* **Problem to solve**: Copy every line of the entries that has the string "where" in it.

Data entries
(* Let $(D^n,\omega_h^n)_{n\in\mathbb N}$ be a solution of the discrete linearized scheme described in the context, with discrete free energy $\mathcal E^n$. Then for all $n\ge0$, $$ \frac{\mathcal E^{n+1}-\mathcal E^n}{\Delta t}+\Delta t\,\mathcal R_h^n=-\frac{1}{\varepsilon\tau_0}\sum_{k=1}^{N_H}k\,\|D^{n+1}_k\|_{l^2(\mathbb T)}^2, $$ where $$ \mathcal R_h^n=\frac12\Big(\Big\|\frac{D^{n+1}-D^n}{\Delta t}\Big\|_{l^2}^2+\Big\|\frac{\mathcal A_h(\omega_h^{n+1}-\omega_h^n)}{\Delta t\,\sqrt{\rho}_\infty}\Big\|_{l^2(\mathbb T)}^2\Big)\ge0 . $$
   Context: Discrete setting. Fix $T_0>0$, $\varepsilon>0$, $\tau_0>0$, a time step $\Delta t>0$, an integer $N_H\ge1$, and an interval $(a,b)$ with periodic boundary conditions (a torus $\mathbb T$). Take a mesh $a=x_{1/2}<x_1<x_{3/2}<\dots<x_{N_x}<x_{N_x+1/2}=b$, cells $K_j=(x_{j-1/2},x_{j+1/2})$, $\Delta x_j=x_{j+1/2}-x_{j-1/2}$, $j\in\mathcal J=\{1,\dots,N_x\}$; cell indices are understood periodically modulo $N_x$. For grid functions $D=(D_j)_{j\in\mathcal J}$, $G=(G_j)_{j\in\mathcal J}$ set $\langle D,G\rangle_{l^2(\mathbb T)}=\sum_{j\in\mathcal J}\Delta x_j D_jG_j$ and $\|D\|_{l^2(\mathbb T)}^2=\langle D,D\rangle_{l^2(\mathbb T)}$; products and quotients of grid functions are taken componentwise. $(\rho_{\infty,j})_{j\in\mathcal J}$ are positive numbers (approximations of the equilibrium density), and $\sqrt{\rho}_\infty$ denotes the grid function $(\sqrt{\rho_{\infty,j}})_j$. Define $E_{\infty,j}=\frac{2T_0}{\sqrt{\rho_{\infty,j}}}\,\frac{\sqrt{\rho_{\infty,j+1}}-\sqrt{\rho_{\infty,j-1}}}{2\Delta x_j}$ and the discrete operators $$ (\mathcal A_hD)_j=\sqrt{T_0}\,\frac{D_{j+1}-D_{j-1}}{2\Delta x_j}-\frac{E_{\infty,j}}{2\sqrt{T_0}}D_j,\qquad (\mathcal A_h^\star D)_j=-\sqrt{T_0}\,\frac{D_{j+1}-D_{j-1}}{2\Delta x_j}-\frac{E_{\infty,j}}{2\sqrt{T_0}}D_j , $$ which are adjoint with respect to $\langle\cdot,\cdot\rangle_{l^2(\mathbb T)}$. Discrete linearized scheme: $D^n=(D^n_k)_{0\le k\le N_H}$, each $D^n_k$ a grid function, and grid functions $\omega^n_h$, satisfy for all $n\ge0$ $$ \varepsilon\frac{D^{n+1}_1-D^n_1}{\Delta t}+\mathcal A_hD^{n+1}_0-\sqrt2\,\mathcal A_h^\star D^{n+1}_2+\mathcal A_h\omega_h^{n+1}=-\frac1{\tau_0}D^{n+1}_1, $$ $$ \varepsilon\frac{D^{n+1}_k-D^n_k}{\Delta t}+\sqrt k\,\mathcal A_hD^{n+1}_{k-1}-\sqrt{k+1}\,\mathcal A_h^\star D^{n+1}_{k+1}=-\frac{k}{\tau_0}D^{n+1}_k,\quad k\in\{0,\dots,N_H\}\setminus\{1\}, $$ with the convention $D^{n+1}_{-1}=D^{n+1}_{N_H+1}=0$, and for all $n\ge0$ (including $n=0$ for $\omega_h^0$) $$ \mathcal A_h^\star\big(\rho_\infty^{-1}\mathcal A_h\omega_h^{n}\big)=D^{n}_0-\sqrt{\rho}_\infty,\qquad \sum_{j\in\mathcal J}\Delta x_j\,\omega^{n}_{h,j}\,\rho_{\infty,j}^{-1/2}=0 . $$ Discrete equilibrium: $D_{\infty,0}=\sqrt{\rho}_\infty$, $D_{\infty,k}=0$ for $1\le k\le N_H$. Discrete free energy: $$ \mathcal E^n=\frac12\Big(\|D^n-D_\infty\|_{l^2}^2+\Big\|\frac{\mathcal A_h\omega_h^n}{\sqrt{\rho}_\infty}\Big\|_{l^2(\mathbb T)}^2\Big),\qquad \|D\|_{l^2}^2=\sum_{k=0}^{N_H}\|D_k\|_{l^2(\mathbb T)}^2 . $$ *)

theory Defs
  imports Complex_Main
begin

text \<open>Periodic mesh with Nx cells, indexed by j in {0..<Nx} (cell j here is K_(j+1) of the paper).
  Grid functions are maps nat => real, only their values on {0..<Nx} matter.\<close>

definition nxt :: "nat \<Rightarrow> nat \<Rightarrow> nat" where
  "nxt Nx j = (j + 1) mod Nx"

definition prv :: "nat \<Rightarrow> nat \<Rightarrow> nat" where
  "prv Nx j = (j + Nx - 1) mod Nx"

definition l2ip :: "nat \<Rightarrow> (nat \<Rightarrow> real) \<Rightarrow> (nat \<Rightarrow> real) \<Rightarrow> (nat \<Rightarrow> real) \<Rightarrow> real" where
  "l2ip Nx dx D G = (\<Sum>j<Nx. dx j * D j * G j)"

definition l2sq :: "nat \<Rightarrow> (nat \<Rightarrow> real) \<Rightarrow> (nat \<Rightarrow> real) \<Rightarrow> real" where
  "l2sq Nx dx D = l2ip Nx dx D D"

* **Task solution**:
(* Let $(D^n,\omega_h^n)_{n\in\mathbb N}$ be a solution of the discrete linearized scheme described in the context, with discrete free energy $\mathcal E^n$. Then for all $n\ge0$, $$ \frac{\mathcal E^{n+1}-\mathcal E^n}{\Delta t}+\Delta t\,\mathcal R_h^n=-\frac{1}{\varepsilon\tau_0}\sum_{k=1}^{N_H}k\,\|D^{n+1}_k\|_{l^2(\mathbb T)}^2, $$ where $$ \mathcal R_h^n=\frac12\Big(\Big\|\frac{D^{n+1}-D^n}{\Delta t}\Big\|_{l^2}^2+\Big\|\frac{\mathcal A_h(\omega_h^{n+1}-\omega_h^n)}{\Delta t\,\sqrt{\rho}_\infty}\Big\|_{l^2(\mathbb T)}^2\Big)\ge0 . $$
definition nxt :: "nat \<Rightarrow> nat \<Rightarrow> nat" where
definition prv :: "nat \<Rightarrow> nat \<Rightarrow> nat" where
definition l2ip :: "nat \<Rightarrow> (nat \<Rightarrow> real) \<Rightarrow> (nat \<Rightarrow> real) \<Rightarrow> (nat \<Rightarrow> real) \<Rightarrow> real" where
definition l2sq :: "nat \<Rightarrow> (nat \<Rightarrow> real) \<Rightarrow> (nat \<Rightarrow> real) \<Rightarrow> real" where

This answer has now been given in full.